Lento pero seguro, Truffaut avanzaba poco a poco hacia la madurez que testimonia su último film. Voluntariamente "tradicional", huyendo de los "signos externos de la modernidad" que caracterizan a un Lester (por poner un ejemplo respetable), Truffaut ha llegado indirectamente, y quizá sin querer, a hacer una obra absolutamente moderna, a través precisamente de esa modernidad eterna que da el clasicismo esforzadamente conquistado, con modestia y sin prisas. Baisers volés está estructurada, como La novia vestía de negro, en zig-zag, cambiando de tono y de dirección en cada une de los episodios que constituyen sus breves y numerosas secuencias, aisladas por violentas elipsis que indeterminan temporalmente la acción y que pulverizan la narración lineal característica de Truffaut para construir el film a base de digresiones, notas, pequeños toques, recuerdos y acotaciones.

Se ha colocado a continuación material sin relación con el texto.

(* Let $G$ be a perfect finite group and $\Phi:G\to\mathrm{GL}_N(\mathbb C)$ a faithful representation such that (a) $\Phi=\bigoplus_{i=1}^n\Phi_i$ with each $\Phi_i$ irreducible, and (b) each $L_i:=\Phi_i(G)$ is quasisimple with simple quotient $S_i=L_i/\mathbf Z(L_i)$. Then there is a subset $\{j_1,\dots,j_m\}\subseteq\{1,\dots,n\}$ such that $G$ is isomorphic to a central product $R_{j_1}*\cdots*R_{j_m}$ where each $R_{j_i}$ is a quasisimple cover of $S_{j_i}$. If moreover (c) $\mathrm{Tr}(\Phi(g))\ne0$ for all $g\in G$, and (d) for every quasisimple subgroup $H\le G$ and every proper subset $\mathcal X\subsetneq\{\Phi_1,\dots,\Phi_n\}$ such that $\Phi_i(H)=\Phi_i(G)$ for all $\Phi_i\in\mathcal X$, there is $h\in H$ with $\mathrm{Tr}(\Phi_i(h))=0$ for all $\Phi_i\in\mathcal X$, then $G$ is quasisimple. *)

theory Defs
  imports "Jordan_Normal_Form.Matrix" "HOL-Algebra.SimpleGroups" "HOL-Algebra.Generated_Groups"
    "HOL-Algebra.Coset"
begin

definition mat_trace :: "complex mat \<Rightarrow> complex" where
  "mat_trace A = (\<Sum>i < dim_row A. A $$ (i, i))"

definition group_center :: "('a, 'b) monoid_scheme \<Rightarrow> 'a set" where
  "group_center G = {z \<in> carrier G. \<forall>g \<in> carrier G. z \<otimes>\<^bsub>G\<^esub> g = g \<otimes>\<^bsub>G\<^esub> z}"

definition perfect_group :: "('a, 'b) monoid_scheme \<Rightarrow> bool" where
  "perfect_group G \<longleftrightarrow> group G \<and> derived G (carrier G) = carrier G"

definition quasisimple :: "('a, 'b) monoid_scheme \<Rightarrow> bool" where
  "quasisimple G \<longleftrightarrow> perfect_group G \<and> simple_group (G Mod group_center G)"

definition quasisimple_cover_of :: "('a, 'b) monoid_scheme \<Rightarrow> ('c, 'd) monoid_scheme \<Rightarrow> bool" where
  "quasisimple_cover_of R S \<longleftrightarrow> quasisimple R \<and> (R Mod group_center R) \<cong> S"

definition mat_group :: "nat \<Rightarrow> complex mat set \<Rightarrow> complex mat monoid" where
  "mat_group d S = \<lparr>carrier = S, mult = (*), one = 1\<^sub>m d\<rparr>"

definition representation :: "('a, 'b) monoid_scheme \<Rightarrow> nat \<Rightarrow> ('a \<Rightarrow> complex mat) \<Rightarrow> bool" where
  "representation G d \<Phi> \<longleftrightarrow>
     (\<forall>g \<in> carrier G. \<Phi> g \<in> carrier_mat d d \<and> invertible_mat (\<Phi> g)) \<and>
     (\<forall>g \<in> carrier G. \<forall>h \<in> carrier G. \<Phi> (g \<otimes>\<^bsub>G\<^esub> h) = \<Phi> g * \<Phi> h)"

definition invariant_subspace :: "('a, 'b) monoid_scheme \<Rightarrow> nat \<Rightarrow> ('a \<Rightarrow> complex mat) \<Rightarrow> complex vec set \<Rightarrow> bool" where
  "invariant_subspace G d \<Phi> W \<longleftrightarrow>
     W \<subseteq> carrier_vec d \<and> 0\<^sub>v d \<in> W \<and>
     (\<forall>v \<in> W. \<forall>w \<in> W. v + w \<in> W) \<and>
     (\<forall>c :: complex. \<forall>v \<in> W. c \<cdot>\<^sub>v v \<in> W) \<and>
     (\<forall>g \<in> carrier G. \<forall>v \<in> W. \<Phi> g *\<^sub>v v \<in> W)"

Baisers volés no es un film realista, pero está muy cerca de la vida. Es un film libre, sincero y espontáneo, aparentemente aleatorio, pero en el fondo muy construido. Los films de Truffaut siempre han sido directos y verdaderos, pero nunca, excepto en el primero, había llegado al impudor que caracteriza a Baisers volés: películas más o menos autobiográficas, conservando en bruto algunos sucesos y trasponiendo otros, contando unas veces experiencias propias y otras las de sus amigos, podrían ser los eslabones discontinuos de la biografía espiritual de la generación de la nouvelle vague, pues, aunque el film se sitúa en 1968, Truffaut reconoce ciertos anacronismos debidos a que le es imposible hablar de lo que no conoce, siente o ha vivido.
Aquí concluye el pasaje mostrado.